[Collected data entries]
★ ★ ★ ★ ★ ★ ★

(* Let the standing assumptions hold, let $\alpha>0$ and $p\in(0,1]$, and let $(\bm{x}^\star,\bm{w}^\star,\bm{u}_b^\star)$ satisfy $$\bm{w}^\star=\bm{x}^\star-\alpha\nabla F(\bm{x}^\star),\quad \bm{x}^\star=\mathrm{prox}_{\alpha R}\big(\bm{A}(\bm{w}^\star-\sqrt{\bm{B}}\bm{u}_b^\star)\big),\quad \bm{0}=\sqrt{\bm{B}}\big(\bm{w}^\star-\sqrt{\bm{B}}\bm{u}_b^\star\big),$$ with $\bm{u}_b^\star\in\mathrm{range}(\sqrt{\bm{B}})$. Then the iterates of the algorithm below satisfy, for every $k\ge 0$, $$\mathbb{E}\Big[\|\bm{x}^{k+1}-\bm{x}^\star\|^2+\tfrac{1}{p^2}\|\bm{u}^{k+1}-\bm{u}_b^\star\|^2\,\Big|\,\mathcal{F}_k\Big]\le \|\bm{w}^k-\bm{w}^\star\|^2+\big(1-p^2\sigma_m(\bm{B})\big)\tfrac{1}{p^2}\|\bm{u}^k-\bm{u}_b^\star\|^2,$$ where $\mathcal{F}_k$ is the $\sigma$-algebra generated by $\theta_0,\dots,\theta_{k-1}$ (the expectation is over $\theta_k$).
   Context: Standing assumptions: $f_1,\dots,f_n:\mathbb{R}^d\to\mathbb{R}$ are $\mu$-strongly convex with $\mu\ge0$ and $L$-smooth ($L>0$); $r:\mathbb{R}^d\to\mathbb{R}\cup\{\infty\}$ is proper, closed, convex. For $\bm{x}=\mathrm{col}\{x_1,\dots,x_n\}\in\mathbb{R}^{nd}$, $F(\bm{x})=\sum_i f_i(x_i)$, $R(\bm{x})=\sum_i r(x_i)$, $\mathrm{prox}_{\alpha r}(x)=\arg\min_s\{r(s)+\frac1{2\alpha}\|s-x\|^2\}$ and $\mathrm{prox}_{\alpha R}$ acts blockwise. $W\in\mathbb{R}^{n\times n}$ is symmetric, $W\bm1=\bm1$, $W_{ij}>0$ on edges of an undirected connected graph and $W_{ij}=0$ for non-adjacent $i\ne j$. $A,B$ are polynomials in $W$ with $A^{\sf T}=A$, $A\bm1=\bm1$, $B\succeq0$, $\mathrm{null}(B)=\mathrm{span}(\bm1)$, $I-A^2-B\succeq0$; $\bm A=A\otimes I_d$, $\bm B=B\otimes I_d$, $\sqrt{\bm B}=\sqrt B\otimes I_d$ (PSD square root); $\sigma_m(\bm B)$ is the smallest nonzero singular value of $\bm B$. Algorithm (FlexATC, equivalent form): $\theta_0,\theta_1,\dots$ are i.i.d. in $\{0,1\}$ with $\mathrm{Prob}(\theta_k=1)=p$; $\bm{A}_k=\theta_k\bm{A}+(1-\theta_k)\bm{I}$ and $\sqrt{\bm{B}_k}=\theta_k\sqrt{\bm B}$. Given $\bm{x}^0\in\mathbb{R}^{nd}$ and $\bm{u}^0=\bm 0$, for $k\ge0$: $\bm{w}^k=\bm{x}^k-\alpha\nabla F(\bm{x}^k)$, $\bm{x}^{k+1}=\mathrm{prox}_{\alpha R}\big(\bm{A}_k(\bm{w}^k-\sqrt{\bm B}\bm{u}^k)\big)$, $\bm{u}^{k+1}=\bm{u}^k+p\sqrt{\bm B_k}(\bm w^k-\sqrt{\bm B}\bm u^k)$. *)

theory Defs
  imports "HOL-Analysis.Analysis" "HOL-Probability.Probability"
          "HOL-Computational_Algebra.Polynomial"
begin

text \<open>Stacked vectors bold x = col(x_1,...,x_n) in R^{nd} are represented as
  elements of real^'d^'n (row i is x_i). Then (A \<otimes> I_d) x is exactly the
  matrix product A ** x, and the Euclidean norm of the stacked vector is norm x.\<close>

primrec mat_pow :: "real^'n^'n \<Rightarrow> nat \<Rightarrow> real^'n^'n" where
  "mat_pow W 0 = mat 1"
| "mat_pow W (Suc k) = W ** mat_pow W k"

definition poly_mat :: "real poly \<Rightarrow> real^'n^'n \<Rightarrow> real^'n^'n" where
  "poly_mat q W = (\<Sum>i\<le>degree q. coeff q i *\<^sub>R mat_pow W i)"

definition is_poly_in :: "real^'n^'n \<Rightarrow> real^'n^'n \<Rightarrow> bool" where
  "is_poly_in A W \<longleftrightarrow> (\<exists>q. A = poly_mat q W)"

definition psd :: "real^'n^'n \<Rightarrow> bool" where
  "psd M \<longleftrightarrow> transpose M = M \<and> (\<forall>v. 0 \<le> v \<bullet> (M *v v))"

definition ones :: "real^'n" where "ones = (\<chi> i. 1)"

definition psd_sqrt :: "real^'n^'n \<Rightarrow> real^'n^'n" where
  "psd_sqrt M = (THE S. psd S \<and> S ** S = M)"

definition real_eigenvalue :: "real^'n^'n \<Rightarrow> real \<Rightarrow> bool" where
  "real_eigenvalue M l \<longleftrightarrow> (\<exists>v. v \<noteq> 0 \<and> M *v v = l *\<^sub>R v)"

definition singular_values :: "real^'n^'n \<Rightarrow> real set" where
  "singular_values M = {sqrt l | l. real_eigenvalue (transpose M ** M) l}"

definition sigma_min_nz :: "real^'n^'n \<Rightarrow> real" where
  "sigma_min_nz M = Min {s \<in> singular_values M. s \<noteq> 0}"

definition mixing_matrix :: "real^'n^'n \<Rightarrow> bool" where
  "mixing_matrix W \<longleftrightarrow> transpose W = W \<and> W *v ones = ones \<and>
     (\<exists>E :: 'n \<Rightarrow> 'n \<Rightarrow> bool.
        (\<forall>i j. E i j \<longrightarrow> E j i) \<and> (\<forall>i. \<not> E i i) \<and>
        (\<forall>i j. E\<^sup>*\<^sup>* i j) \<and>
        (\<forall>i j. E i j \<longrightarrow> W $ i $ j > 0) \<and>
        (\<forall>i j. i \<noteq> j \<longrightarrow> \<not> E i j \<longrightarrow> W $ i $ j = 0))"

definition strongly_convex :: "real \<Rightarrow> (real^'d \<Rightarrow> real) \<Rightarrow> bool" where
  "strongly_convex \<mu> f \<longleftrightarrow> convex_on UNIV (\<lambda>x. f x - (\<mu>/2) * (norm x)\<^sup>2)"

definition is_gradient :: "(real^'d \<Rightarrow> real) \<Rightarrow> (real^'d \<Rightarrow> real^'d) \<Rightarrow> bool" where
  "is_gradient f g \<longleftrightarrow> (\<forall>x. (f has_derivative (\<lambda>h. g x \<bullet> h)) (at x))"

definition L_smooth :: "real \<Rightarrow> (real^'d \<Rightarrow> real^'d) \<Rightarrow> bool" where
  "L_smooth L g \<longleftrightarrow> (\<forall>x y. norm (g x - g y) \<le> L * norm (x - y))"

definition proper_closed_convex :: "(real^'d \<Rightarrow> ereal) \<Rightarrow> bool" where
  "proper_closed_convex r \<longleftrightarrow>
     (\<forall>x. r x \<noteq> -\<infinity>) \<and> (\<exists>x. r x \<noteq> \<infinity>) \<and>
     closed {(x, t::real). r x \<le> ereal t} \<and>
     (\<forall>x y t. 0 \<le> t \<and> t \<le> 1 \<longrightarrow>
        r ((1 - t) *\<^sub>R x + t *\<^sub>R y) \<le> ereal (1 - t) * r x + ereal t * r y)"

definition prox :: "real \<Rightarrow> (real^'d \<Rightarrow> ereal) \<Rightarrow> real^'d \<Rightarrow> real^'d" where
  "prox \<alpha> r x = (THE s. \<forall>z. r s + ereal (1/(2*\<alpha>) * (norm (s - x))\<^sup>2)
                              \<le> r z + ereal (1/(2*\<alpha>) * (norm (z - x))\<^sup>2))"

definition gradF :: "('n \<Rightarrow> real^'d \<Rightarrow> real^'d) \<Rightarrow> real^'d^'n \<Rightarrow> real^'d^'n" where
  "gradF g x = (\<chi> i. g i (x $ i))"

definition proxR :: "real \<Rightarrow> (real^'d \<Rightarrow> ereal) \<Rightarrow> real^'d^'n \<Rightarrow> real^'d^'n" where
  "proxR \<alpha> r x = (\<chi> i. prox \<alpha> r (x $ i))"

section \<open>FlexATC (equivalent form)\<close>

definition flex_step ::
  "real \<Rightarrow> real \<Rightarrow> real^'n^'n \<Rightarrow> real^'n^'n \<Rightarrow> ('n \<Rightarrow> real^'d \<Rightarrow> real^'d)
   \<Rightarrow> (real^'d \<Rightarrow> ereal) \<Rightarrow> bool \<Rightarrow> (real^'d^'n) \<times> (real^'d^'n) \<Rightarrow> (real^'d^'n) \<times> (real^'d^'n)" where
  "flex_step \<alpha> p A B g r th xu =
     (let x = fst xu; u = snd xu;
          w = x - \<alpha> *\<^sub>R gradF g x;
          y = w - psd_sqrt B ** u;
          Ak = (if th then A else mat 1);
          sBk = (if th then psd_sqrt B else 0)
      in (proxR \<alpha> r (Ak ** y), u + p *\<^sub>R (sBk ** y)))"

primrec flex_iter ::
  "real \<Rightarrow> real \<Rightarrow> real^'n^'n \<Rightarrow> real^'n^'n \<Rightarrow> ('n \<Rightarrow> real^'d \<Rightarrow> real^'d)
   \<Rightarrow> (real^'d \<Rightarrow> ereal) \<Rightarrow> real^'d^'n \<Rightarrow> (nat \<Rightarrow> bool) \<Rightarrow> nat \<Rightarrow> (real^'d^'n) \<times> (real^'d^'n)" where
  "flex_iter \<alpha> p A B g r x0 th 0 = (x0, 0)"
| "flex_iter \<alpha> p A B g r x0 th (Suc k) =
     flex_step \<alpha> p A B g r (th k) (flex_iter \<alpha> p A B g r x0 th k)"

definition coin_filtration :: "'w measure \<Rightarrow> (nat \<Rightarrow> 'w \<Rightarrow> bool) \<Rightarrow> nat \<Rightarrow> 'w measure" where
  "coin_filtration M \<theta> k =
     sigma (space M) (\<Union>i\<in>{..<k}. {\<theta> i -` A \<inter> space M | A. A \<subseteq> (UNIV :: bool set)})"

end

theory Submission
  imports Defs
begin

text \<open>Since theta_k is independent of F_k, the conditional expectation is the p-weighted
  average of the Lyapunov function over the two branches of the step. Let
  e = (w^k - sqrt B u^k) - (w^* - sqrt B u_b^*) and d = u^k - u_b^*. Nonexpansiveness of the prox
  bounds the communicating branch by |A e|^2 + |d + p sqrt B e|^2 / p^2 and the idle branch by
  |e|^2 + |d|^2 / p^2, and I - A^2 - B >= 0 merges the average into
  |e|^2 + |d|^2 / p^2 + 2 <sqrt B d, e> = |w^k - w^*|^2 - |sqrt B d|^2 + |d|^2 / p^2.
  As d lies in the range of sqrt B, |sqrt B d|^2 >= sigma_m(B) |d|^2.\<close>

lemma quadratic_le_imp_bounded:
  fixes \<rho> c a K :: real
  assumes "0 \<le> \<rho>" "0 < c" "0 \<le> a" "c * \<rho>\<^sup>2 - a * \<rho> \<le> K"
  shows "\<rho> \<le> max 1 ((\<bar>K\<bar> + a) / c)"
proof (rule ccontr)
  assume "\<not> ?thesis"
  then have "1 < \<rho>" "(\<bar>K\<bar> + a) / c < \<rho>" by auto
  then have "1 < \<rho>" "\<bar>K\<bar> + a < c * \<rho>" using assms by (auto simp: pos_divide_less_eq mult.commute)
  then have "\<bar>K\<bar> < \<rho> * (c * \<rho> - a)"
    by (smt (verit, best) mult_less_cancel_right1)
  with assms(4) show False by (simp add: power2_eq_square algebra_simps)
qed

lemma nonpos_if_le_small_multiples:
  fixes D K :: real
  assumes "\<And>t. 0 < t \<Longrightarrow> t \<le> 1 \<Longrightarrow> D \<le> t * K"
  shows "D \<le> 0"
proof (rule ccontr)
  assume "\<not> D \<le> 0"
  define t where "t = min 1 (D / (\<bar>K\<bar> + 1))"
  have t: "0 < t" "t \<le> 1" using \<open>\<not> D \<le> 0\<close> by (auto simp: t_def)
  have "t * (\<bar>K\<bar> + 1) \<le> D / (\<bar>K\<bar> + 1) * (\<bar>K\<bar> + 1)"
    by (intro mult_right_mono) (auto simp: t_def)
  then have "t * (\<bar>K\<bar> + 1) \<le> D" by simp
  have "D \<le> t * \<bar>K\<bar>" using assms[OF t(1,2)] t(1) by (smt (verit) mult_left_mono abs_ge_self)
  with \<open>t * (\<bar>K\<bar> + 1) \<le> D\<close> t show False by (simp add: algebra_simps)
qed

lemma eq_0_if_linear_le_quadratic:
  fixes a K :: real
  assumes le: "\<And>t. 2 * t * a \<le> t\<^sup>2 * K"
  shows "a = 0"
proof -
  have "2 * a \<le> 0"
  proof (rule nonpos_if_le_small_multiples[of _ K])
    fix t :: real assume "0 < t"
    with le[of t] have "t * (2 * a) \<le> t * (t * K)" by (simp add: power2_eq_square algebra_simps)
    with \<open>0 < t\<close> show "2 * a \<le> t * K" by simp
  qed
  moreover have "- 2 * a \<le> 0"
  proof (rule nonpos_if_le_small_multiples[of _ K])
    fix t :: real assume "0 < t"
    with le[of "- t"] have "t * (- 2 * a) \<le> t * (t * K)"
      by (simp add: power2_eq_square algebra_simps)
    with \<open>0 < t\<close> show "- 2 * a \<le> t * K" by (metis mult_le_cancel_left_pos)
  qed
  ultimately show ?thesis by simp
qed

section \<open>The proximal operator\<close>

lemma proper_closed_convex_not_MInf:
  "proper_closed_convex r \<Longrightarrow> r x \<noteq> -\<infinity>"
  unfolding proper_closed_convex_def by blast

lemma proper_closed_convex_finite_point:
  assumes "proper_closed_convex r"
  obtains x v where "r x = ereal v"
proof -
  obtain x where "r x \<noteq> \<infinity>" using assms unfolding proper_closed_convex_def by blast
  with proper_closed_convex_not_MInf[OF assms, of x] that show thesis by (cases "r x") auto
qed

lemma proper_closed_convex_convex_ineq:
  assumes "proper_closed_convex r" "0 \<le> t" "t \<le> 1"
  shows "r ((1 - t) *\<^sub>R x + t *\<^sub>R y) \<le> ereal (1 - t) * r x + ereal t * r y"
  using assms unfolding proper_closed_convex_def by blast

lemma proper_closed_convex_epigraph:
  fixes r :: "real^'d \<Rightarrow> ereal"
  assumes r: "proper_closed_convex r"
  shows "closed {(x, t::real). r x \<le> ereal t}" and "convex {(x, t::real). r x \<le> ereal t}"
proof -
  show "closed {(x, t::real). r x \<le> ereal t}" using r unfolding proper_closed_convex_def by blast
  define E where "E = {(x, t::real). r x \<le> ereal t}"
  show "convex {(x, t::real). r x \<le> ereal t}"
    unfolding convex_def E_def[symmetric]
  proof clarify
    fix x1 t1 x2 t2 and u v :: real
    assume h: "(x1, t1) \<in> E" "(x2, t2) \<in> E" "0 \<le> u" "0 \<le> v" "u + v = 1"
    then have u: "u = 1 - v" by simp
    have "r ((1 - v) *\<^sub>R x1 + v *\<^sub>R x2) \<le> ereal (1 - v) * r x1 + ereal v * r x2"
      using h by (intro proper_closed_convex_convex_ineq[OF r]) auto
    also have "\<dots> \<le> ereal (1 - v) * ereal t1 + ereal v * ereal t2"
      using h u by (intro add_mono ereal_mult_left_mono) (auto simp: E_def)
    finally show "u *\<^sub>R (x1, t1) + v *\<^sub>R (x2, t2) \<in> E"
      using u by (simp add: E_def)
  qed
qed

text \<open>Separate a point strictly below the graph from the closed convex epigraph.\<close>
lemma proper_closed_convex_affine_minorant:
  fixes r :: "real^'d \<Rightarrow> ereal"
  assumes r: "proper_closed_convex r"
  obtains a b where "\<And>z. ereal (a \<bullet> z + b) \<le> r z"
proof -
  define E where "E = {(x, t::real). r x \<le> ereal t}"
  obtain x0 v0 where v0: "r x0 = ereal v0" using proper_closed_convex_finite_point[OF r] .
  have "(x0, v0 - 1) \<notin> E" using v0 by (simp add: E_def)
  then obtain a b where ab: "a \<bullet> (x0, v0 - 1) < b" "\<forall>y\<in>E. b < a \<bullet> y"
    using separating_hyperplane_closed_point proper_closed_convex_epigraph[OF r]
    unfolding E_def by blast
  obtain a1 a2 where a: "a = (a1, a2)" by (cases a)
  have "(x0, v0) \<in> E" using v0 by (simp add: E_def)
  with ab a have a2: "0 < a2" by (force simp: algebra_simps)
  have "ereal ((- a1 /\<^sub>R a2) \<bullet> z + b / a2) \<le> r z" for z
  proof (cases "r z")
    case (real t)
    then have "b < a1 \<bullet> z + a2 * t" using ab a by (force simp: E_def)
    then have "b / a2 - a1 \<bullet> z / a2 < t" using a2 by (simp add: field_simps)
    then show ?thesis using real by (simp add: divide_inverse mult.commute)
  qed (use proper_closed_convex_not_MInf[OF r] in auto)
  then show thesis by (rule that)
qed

★ ★ ★ ★ ★ ★ ★

_What is needed_
Restate word for word only the lines above from the line containing "< \<rho> * (c * \<rho>" to the line containing "define t where", both of them included.

_Result of this exercise_
  then have "\<bar>K\<bar> < \<rho> * (c * \<rho> - a)"
    by (smt (verit, best) mult_less_cancel_right1)
  with assms(4) show False by (simp add: power2_eq_square algebra_simps)
qed

lemma nonpos_if_le_small_multiples:
  fixes D K :: real
  assumes "\<And>t. 0 < t \<Longrightarrow> t \<le> 1 \<Longrightarrow> D \<le> t * K"
  shows "D \<le> 0"
proof (rule ccontr)
  assume "\<not> D \<le> 0"
  define t where "t = min 1 (D / (\<bar>K\<bar> + 1))"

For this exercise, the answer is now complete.